_EXERCISE MATERIALS_.

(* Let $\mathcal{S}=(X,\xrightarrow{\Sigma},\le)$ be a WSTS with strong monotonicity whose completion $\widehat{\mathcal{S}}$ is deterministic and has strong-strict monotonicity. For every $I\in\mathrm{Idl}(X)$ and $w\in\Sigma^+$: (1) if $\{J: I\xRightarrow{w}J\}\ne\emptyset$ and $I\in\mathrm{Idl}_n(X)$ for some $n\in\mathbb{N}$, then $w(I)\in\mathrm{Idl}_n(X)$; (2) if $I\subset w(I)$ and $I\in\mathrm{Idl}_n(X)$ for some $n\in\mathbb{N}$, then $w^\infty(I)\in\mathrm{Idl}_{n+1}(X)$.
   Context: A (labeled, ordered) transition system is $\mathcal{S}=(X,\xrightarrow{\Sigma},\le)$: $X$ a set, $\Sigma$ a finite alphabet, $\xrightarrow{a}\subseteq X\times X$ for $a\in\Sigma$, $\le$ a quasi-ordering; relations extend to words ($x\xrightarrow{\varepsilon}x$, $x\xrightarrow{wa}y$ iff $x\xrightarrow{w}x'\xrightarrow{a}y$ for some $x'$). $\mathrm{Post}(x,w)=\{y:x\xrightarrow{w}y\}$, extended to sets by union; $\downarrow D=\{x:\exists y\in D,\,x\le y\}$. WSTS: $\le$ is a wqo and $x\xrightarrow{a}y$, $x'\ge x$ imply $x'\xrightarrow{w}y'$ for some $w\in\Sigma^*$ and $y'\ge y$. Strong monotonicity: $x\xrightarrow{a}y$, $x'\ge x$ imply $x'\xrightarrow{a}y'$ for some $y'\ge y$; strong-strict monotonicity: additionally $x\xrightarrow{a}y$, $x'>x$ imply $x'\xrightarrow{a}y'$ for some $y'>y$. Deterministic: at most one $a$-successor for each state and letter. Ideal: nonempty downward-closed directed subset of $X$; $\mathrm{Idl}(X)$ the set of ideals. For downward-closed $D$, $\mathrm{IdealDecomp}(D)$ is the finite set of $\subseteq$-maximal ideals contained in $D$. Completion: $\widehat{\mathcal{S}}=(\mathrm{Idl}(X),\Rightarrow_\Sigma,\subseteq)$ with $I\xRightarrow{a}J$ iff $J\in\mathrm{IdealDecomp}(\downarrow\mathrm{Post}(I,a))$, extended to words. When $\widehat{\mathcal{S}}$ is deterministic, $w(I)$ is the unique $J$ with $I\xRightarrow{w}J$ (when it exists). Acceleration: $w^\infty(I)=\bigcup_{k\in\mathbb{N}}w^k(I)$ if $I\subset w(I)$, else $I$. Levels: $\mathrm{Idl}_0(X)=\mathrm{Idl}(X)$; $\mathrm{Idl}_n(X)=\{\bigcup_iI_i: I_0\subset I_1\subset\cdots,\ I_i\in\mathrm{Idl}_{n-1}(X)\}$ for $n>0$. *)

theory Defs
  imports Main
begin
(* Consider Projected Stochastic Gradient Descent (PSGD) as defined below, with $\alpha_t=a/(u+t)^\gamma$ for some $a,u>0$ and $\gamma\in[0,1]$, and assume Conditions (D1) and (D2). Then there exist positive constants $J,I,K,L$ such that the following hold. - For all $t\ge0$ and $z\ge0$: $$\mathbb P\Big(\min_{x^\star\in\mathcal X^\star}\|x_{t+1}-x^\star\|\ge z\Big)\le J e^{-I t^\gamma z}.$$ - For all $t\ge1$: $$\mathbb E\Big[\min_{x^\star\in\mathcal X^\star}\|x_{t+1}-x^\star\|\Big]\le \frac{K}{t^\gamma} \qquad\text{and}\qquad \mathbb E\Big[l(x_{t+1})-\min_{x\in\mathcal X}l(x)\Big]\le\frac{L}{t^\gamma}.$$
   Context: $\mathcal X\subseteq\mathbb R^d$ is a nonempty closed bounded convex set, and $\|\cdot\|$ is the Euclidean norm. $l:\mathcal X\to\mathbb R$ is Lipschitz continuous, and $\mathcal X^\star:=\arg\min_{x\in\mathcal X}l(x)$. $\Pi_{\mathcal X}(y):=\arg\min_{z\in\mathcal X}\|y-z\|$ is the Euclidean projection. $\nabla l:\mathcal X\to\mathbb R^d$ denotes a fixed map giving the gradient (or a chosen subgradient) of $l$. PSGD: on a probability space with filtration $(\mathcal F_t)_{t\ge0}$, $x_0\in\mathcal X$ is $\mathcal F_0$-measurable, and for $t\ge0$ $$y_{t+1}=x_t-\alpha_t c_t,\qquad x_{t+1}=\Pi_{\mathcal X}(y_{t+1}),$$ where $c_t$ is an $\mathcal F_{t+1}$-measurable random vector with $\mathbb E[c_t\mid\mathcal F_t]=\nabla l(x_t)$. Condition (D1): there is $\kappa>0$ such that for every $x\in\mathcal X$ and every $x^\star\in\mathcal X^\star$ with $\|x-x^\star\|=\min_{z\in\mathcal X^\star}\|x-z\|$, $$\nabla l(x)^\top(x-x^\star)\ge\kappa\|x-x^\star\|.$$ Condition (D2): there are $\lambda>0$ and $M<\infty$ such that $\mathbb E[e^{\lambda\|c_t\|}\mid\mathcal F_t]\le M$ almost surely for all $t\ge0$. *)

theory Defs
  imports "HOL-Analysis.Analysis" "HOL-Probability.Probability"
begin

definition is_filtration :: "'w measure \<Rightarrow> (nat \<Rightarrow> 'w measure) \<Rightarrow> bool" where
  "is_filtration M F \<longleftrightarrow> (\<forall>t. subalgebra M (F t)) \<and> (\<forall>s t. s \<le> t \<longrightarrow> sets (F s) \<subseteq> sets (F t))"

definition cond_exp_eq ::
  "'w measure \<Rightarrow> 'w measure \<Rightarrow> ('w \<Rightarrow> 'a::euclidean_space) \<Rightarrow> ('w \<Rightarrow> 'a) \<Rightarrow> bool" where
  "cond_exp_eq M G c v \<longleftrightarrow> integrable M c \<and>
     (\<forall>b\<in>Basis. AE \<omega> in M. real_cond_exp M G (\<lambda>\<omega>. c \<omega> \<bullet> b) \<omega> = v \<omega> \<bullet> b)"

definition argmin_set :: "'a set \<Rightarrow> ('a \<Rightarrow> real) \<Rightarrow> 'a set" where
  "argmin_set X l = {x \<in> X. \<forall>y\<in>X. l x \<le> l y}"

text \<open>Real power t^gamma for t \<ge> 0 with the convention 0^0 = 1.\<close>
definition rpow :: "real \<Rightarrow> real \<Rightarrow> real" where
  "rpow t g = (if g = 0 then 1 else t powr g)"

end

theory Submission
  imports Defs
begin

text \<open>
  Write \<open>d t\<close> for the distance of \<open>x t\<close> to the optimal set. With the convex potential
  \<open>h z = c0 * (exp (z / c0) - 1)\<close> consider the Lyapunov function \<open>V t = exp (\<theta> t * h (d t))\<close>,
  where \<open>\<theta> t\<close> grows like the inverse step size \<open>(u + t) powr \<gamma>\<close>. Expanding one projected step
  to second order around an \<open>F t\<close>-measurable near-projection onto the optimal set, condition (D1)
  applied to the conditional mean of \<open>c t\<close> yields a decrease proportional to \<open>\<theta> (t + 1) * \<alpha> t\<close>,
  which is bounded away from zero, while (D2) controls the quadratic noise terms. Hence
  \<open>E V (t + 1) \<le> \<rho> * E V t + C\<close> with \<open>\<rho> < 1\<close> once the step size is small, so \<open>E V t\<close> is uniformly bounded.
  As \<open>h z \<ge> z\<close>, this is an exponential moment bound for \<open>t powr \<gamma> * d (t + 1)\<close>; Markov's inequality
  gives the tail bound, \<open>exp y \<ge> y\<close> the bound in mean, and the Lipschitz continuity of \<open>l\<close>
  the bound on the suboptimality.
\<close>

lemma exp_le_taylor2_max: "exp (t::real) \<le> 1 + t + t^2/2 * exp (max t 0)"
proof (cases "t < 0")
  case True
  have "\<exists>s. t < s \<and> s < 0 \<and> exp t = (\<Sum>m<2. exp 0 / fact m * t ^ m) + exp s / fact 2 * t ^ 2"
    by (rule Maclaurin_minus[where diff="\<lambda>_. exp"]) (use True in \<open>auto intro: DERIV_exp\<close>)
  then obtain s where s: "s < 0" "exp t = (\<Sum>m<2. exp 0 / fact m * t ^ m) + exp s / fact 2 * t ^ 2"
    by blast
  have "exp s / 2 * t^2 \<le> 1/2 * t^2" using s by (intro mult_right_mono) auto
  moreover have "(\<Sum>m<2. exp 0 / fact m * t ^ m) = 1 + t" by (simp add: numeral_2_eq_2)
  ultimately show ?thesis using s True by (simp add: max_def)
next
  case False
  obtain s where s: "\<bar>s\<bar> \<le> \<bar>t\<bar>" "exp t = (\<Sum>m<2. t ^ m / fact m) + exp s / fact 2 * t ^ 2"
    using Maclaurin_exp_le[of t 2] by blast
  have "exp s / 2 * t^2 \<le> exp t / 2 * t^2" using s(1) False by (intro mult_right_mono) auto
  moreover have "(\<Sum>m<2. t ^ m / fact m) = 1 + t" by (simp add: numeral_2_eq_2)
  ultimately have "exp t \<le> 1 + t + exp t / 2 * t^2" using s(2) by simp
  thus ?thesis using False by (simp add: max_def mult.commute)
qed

_WHAT THE EXERCISE ASKS_. Where the data above reaches the line holding "which is bounded", begin printing, and stop after the line holding "s by (intro mult_right_mono) auto". Each line must be reproduced exactly, with nothing else added.

_ANSWER SECTION_.
  which is bounded away from zero, while (D2) controls the quadratic noise terms. Hence
  \<open>E V (t + 1) \<le> \<rho> * E V t + C\<close> with \<open>\<rho> < 1\<close> once the step size is small, so \<open>E V t\<close> is uniformly bounded.
  As \<open>h z \<ge> z\<close>, this is an exponential moment bound for \<open>t powr \<gamma> * d (t + 1)\<close>; Markov's inequality
  gives the tail bound, \<open>exp y \<ge> y\<close> the bound in mean, and the Lipschitz continuity of \<open>l\<close>
  the bound on the suboptimality.
\<close>

lemma exp_le_taylor2_max: "exp (t::real) \<le> 1 + t + t^2/2 * exp (max t 0)"
proof (cases "t < 0")
  case True
  have "\<exists>s. t < s \<and> s < 0 \<and> exp t = (\<Sum>m<2. exp 0 / fact m * t ^ m) + exp s / fact 2 * t ^ 2"
    by (rule Maclaurin_minus[where diff="\<lambda>_. exp"]) (use True in \<open>auto intro: DERIV_exp\<close>)
  then obtain s where s: "s < 0" "exp t = (\<Sum>m<2. exp 0 / fact m * t ^ m) + exp s / fact 2 * t ^ 2"
    by blast
  have "exp s / 2 * t^2 \<le> 1/2 * t^2" using s by (intro mult_right_mono) auto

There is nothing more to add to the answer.